Конечно, сыграла свою роль инерция. Нежелание раскачивать относительно устойчивую лодку. Искушение иметь близкого друга. Моя страсть — сначала к Кики, а потом к Мод, плотское влечение, порожденное, я полагаю, соблазном нарушить табу. Удобства и преимущества жизни в Бил-Холле. Время. Чужое мнение. И так далее, и тому подобное.

Возможно, Фрейд, дискредитированный еврейский гений, нашел бы, что главную роль сыграли мои детские годы, когда я лежал в постели рядом с матерью и она шептала: «Лежи тихо, Эдмон, не шевелись!» Определенно, именно тогда я и научился ценить преимущества бездействия. Да и позднее, в моей дальнейшей жизни, я бывал пассивен, мне подспудно хотелось заслужить одобрение матери. «Эдмон такой хороший мальчик!» Все может быть. Хотя, скорее всего, я соперничал с моим несчастным отцом, проклятым Богом. Конечно, я тоже мог провести мою жизнь, сидя в садовом кресле из пластика и наблюдая за курами, тупо ковыряющимися в земле.


ПОСЛЕДНИЕ НЕСКОЛЬКО НЕДЕЛЬ я посвятил тщательному изучению книги «Любовные и другие сонеты». Мои подозрения (и, как я понял из письма Мод, подозрения Аристида) были вполне обоснованны. Книга — подделка восемнадцатого века. Более того, я могу доказать, что ее автором был Пиш и что он оставил в тексте (умышленно?) некие ключи, чтобы потомки смогли его разоблачить. Сборник стихов, датированный восемнадцатым веком, содержит (умышленно?) ряд анахронизмов. Вот, например, второй катрен сонета 62:

Моя любовь меня уже не любит и другого
Спешит любить, такой усвоив стиль.
Совсем как моды бог нам повелел сурово:
«Прочь вист! Теперь играйте все в кадриль!»

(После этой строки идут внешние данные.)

(* Let $A$ be a commutative ring over $\mathbf F_p$ with an action of a cyclic group $\langle\sigma\rangle$ of order $p$, let $N\cdot A=\{(1+\sigma+\dots+\sigma^{p-1})a: a\in A\}$ and $\mathrm{Nm}(a)=a\,\sigma(a)\cdots\sigma^{p-1}(a)$. Let $A'\subset A^\sigma$ be a subring containing $\mathrm{Nm}(A)$ and $N\cdot A$ (so $N\cdot A$ is an ideal of $A'$). Then every ring homomorphism $\chi\colon A'\to k$ that vanishes on $N\cdot A$ extends uniquely to a ring homomorphism $\tilde\chi\colon A\to k$, and this extension is given by $\tilde\chi(a)=\chi(\mathrm{Nm}(a))^{1/p}$.
   Context: $k$ is an algebraic closure of $\mathbf F_p$ (so $p$-th roots are unique); $A^\sigma$ denotes the $\sigma$-invariants of $A$. *)

theory Defs
  imports "HOL-Computational_Algebra.Computational_Algebra"
begin

definition ring_hom_on :: "'a::comm_ring_1 set \<Rightarrow> ('a \<Rightarrow> 'b::comm_ring_1) \<Rightarrow> bool" where
  "ring_hom_on S f \<longleftrightarrow> f 1 = 1 \<and>
     (\<forall>x\<in>S. \<forall>y\<in>S. f (x + y) = f x + f y \<and> f (x * y) = f x * f y)"

definition is_subring :: "'a::comm_ring_1 set \<Rightarrow> bool" where
  "is_subring S \<longleftrightarrow> 0 \<in> S \<and> 1 \<in> S \<and>
     (\<forall>x\<in>S. \<forall>y\<in>S. x + y \<in> S \<and> x - y \<in> S \<and> x * y \<in> S)"

definition cyclic_action :: "nat \<Rightarrow> ('a::comm_ring_1 \<Rightarrow> 'a) \<Rightarrow> bool" where
  "cyclic_action p \<sigma> \<longleftrightarrow> bij \<sigma> \<and> \<sigma> 1 = 1 \<and>
     (\<forall>x y. \<sigma> (x + y) = \<sigma> x + \<sigma> y \<and> \<sigma> (x * y) = \<sigma> x * \<sigma> y) \<and>
     (\<sigma> ^^ p) = id"

definition trace_N :: "nat \<Rightarrow> ('a::comm_ring_1 \<Rightarrow> 'a) \<Rightarrow> 'a \<Rightarrow> 'a" where
  "trace_N p \<sigma> a = (\<Sum>i<p. (\<sigma> ^^ i) a)"

definition Nm :: "nat \<Rightarrow> ('a::comm_ring_1 \<Rightarrow> 'a) \<Rightarrow> 'a \<Rightarrow> 'a" where
  "Nm p \<sigma> a = (\<Prod>i<p. (\<sigma> ^^ i) a)"

definition alg_closure_of_Fp :: "nat \<Rightarrow> 'k::alg_closed_field itself \<Rightarrow> bool" where
  "alg_closure_of_Fp p _ \<longleftrightarrow> of_nat p = (0::'k) \<and>
     (\<forall>x::'k. \<exists>q::'k poly. q \<noteq> 0 \<and> (\<forall>i. coeff q i \<in> range of_nat) \<and> poly q x = 0)"

definition pth_root :: "nat \<Rightarrow> 'k::field \<Rightarrow> 'k" where
  "pth_root p y = (THE x. x ^ p = y)"

end

theory Submission
  imports Defs "HOL-Number_Theory.Cong"
begin

text \<open>
  Any extension \<open>\<psi>\<close> must satisfy \<open>\<psi>(a)^p = \<chi>(Nm a)\<close>: the element \<open>a\<close> is a
  root of \<open>\<Prod>\<^sub>i (X - \<sigma>\<^sup>i a)\<close>, whose coefficients other than the leading and
  constant ones are traces and hence are killed by \<open>\<psi>\<close>. Since Frobenius is
  bijective on \<open>k\<close>, everything reduces to showing that \<open>a \<mapsto> \<chi>(Nm a)\<close> is a ring
  homomorphism, and only additivity is not obvious. Expanding
  \<open>Nm(a + b) = \<Prod>\<^sub>i (\<sigma>\<^sup>i a + \<sigma>\<^sup>i b)\<close> over subsets \<open>S\<close> of \<open>\<int>/p\<close>, the sum of
  the terms with \<open>|S| = k\<close>, \<open>0 < k < p\<close>, is a trace: the trace of the partial
  sum over the \<open>S \<ni> 0\<close> counts every term \<open>k\<close> times, and \<open>k\<close> is invertible
  mod \<open>p\<close>.
\<close>

lemma ring_hom_on_UNIV_simps:
  fixes f :: "'a::comm_ring_1 \<Rightarrow> 'b::comm_ring_1"
  assumes "ring_hom_on UNIV f"
  shows "f 1 = 1" "f (x + y) = f x + f y" "f (x * y) = f x * f y"
    and "f 0 = 0" "f (- x) = - f x" "f (x ^ n) = f x ^ n" "f (of_nat n) = of_nat n"
    and "f (sum g A) = (\<Sum>a\<in>A. f (g a))" "f (prod g A) = (\<Prod>a\<in>A. f (g a))"
proof -
  show one: "f 1 = 1"
    and add: "\<And>x y. f (x + y) = f x + f y" and mult: "\<And>x y. f (x * y) = f x * f y"
    using assms unfolding ring_hom_on_def by auto
  show zero: "f 0 = 0"
    using add[of 0 0] by simp
  show "f (- x) = - f x"
    using add[of x "- x"] by (simp add: zero eq_neg_iff_add_eq_0 add.commute)
  show "f (x ^ n) = f x ^ n"
    by (induction n) (simp_all add: one mult)
  show "f (of_nat n) = of_nat n"
    by (induction n) (simp_all add: zero one add)
  show "f (sum g A) = (\<Sum>a\<in>A. f (g a))"
    by (induction A rule: infinite_finite_induct) (simp_all add: zero add)
  show "f (prod g A) = (\<Prod>a\<in>A. f (g a))"
    by (induction A rule: infinite_finite_induct) (simp_all add: one mult)
qed

lemma ring_hom_on_UNIV_comp:
  "ring_hom_on UNIV f \<Longrightarrow> ring_hom_on UNIV g \<Longrightarrow> ring_hom_on UNIV (g \<circ> f)"
  by (simp add: ring_hom_on_def)

lemma ring_hom_on_UNIV_funpow:
  fixes f :: "'a::comm_ring_1 \<Rightarrow> 'a"
  shows "ring_hom_on UNIV f \<Longrightarrow> ring_hom_on UNIV (f ^^ n)"
  by (induction n) (auto simp: ring_hom_on_def)

lemma ring_hom_on_power:
  assumes "is_subring S" "ring_hom_on S f" "x \<in> S"
  shows "x ^ n \<in> S \<and> f (x ^ n) = f x ^ n"
  using assms by (induction n) (simp_all add: is_subring_def ring_hom_on_def)

lemma CHAR_eq_prime:
  assumes "prime p" "of_nat p = (0::'a::{semiring_1,zero_neq_one})"
  shows "CHAR('a) = p"
  using assms by (metis CHAR_not_1 One_nat_def of_nat_eq_0_iff_char_dvd prime_nat_iff)

context
  fixes p :: nat
  assumes prime: "prime p" and char: "CHAR('k::field) = p"
begin

lemma power_prime_char_inj:
  fixes x y :: 'k
  assumes "x ^ p = y ^ p"
  shows "x = y"
proof -
  have "x ^ p = ((x - y) + y) ^ p"
    by simp
  also have "\<dots> = (x - y) ^ p + y ^ p"
    by (rule freshmans_dream) (use prime char in auto)
  finally have "x ^ p = (x - y) ^ p + y ^ p" .
  then have "(x - y) ^ p = 0"
    using assms by simp
  then show ?thesis
    by simp
qed

lemma pth_root_eqI:
  fixes x y :: 'k
  assumes "x ^ p = y"
  shows "pth_root p y = x"
  unfolding pth_root_def
  using assms power_prime_char_inj by (intro the_equality) auto

end

lemma pth_root_power:
  fixes y :: "'k::alg_closed_field"
  assumes "prime p" "CHAR('k) = p"
  shows "pth_root p y ^ p = y"
proof -
  obtain x :: 'k where x: "x ^ p = y"
    using nth_root_exists[of p y] assms prime_gt_0_nat by blast
  then have "pth_root p y = x"
    by (rule pth_root_eqI[OF assms])
  with x show ?thesis
    by simp
qed

lemma ring_hom_on_UNIV_pth_root:
  assumes "prime p" "CHAR('k::alg_closed_field) = p"
  shows "ring_hom_on UNIV (pth_root p :: 'k \<Rightarrow> 'k)"
  unfolding ring_hom_on_def
proof (intro conjI ballI)
  show "pth_root p 1 = (1::'k)"
    by (rule pth_root_eqI[OF assms]) simp
  fix x y :: 'k
  show "pth_root p (x + y) = pth_root p x + pth_root p y"
    by (rule pth_root_eqI[OF assms])
      (simp add: freshmans_dream[OF _ assms(2)[symmetric]] assms pth_root_power)
  show "pth_root p (x * y) = pth_root p x * pth_root p y"
    by (rule pth_root_eqI[OF assms]) (simp add: power_mult_distrib assms pth_root_power)
qed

Когда-то каждый школьник знал, что кадриль в начале семнадцатого века была совершенно неизвестна и вошла в моду, вытеснив вист (или ломбер), только в конце восемнадцатого века.

В других местах сочинитель сонетов дает понять (умышленно?), что он еврей. Возьмем для примера сонет 76. Влюбленный жалуется — в манере Петрарки, — что его любимая полна противоречий, в ней сочетаются несоединимые свойства. Вот заключительное двустишие:

Как шелк тончайший, смешанный с сукном,
Или в одной тарелке мясо с молоком!

Этот влюбленный, позвольте заметить, соблюдает кошер!

Последний сонет уточняет (умышленно!) личность самой леди. Ее имя скрыто под тончайшей маской. В книге 105 сонетов, расположенных по порядку, но последний имеет не 105-й номер, как следовало бы ожидать, а 505-й. Вот его первый катрен:

Три сотни поцелуев для любимой, каждый жгуч,
И двести нежных за любовною игрою.
Добавим пять еще — получим ключ,
Который тайну имени откроет.

Три сотни? Двести? Пять? Эти числа в сумме составляют 505 — непредвиденный номер, приписанный этому заключительному сонету. Наш каббалист Пиш, как можно догадаться, получал удовольствие, играя числами. В нумерологии иврита ש ר ה = ש+ר+ה.ש=300,ר=200 ה=5 — что в графологии иврита означает Сара. Таким образом, этот сонет — настоящее любовное стихотворение, сочиненное Пишем во славу своей жены.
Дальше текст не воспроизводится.